The work we are presenting here builds on “Arkisto”, an initiative started in 2019 and funded by an ARDC precursor, the Australian National Data Service. Arkisto was an informal collaboration between the University of Technology Sydney and PARADISEC with contributions from AARNet and the State Library of NSW, and resulted in a website that articulated some principles and use cases for designing sustainable repositories. The initial work was presented at OR 2021. The Arkisto approach is summarised on the home page: Data on an Arkisto deployment is always available on disc (or object storage) with a complete description independently of any services such as websites or APIs. Once the data is safe and well described, Arkisto has a flexible model for how data can be accessed using a variety of services. The approach, and the standards it mentioned, the Oxford Common File Layout (OCFL) (Hankinson et al., 2019) and Research Object RO-Crate (RO-Crate) (Soiland-Reyes et al., 2022), were included in the successful proposal for the Language Data Commons of Australia project, and that project with continued collaboration with PARADISEC and the University of Sydney, has advanced the work.

 ::  ::  ::  ::  :: Not really a platform, the core idea was a set of principles :: These are two important specifications but we should not have tied Arkisto to just these two :: THIS BIT IS WHAT WE *REALLY* MEANT TO SAY ::

The Arkisto work was helpful in that it aided in securing funding and was the starting point for principled development of Archival Repository solutions. However, it had a few issues.

The core idea of Arkisto was indeed a set of principles, but:

We also presented it as a “Platform” (whatever that is) and tied implementation of the platform to two particular Specifications (which we still use at LDaCA). The informality of the collaboration became a problem when there were disagreements; the site did not have clear ownership or governance so there was no mechanism for resolving issues or making major changes to the site. We decided to revisit the Arkisto approach, separating out principles (CARE and FAIR), implementation protocols, and then implementation details such as which specifications are followed and software tools to implement them.

Here we introduce the PILARS protocols, which the lead of the LDaCA project, Professor Michael Haugh, described as a guide to implementing “CAREul FAIRness”, referring to the CARE and FAIR principles. This is a snapshot of the current draft. The Protocols have a persistent identifier: http://w3id.org/ldac/pilars

 ::  ::

The CARE principles frame the FAIR principles with an emphasis on the rights of Indigenous Peoples, and (we think on the LDaCA project) have relevance to any data.

The current movement toward open data and open science does not fully engage with Indigenous Peoples' rights and interests. Existing principles within the open data movement (e.g. FAIR: findable, accessible, interoperable, reusable) primarily focus on characteristics of data that will facilitate increased data sharing among entities while ignoring power differentials and historical contexts.
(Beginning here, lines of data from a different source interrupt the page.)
lemma class_size_notin_spec:
  assumes ls: "linear_space P L" and k: "\<forall>l\<in>L. card l = k" and "2 \<le> k" and "k < card P"
    and "line_transitive L G" and "G_invariant G \<C>"
    and part: "nontrivial_partition P \<C>" and c: "\<forall>C\<in>\<C>. card C = c"
  shows "c \<notin> spec L \<C>"
proof
  assume "c \<in> spec L \<C>"
  have "partition_on P \<C>" and "1 < card \<C>" and big: "\<forall>C\<in>\<C>. 1 < card C"
    using part by (auto simp: nontrivial_partition_def)
  have "finite P" using ls by (simp add: linear_space_def)
  then have "finite \<C>" using \<open>partition_on P \<C>\<close> finite_elements by blast
  have fin: "finite C" if "C \<in> \<C>" for C
    using partition_on_finite_class[OF \<open>finite P\<close> \<open>partition_on P \<C>\<close> that] .
  obtain C l where C: "C \<in> \<C>" and "l \<in> L" and "card (C \<inter> l) = c"
    using \<open>c \<in> spec L \<C>\<close> by (auto simp: spec_eq[OF \<open>finite \<C>\<close>])
  then have "C \<inter> l = C" using card_subset_eq[OF fin[OF C] Int_lower1, of l] c by simp
  then have "\<forall>m\<in>L. \<exists>D\<in>\<C>. D \<subseteq> m"
    using line_transitive_every_line_contains_class[OF assms(5,6) \<open>l \<in> L\<close> C] by blast
  then have "card L \<le> card \<C>" using card_lines_le_card_classes[OF ls \<open>finite \<C>\<close> big] by blast
  obtain r where r: "\<And>x. x \<in> P \<Longrightarrow> card (lines_through L x) = r" and "k \<le> r"
    using uniform_replication[OF ls k \<open>2 \<le> k\<close> \<open>k < card P\<close>] by blast
  have "card \<C> * c * r = card P * r"
    using product_partition[OF \<open>partition_on P \<C>\<close> fin] c by simp
  also have "\<dots> = card L * k" using sum_card_lines_eq_sum_replication[OF ls] k r by simp
  also have "\<dots> \<le> card \<C> * k" using \<open>card L \<le> card \<C>\<close> by simp
  finally have "c * r \<le> k" using \<open>1 < card \<C>\<close> by (simp add: mult.assoc)
  moreover have "2 \<le> c" using big c C by fastforce
  then have "2 * k \<le> c * r" using \<open>k \<le> r\<close> by (rule mult_le_mono)
  ultimately show False using \<open>2 \<le> k\<close> by simp
qed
The emphasis on greater data sharing alone creates a tension for Indigenous Peoples who are also asserting greater control over the application and use of Indigenous data and Indigenous Knowledge for collective benefit.

 ::  ::

PILARS is being managed on GitHub in a public repository, which means anyone can contribute via issues or pull requests.

 ::  ::

Setting up the governance is still in progress, but we will be formalising this drawing on the expertise of Robert McLellan - one of the authors of this presentation. The current plan is to use a variant of GitHub’s Minimum Viable Governance model which explains how to create a consensus-based governance system with a management committee.

 ::  :: 1 Data is Portable: assets are not locked-in to a particular mode of storage, interface or service ::  :: (TLDR; Use OCFL) ::

We will now introduce the three main PILARS protocols one by one.

1 Data is Portable: assets are not locked in to a particular mode of storage, interface or service.

1.1 Keep data in one or more general-purpose commodity IT storage systems.

1.1.1 The storage system has a method to store and retrieve file-like datastreams using hierarchical file-paths.

1.1.2 The storage system has a method to list all the file-paths in the storage system.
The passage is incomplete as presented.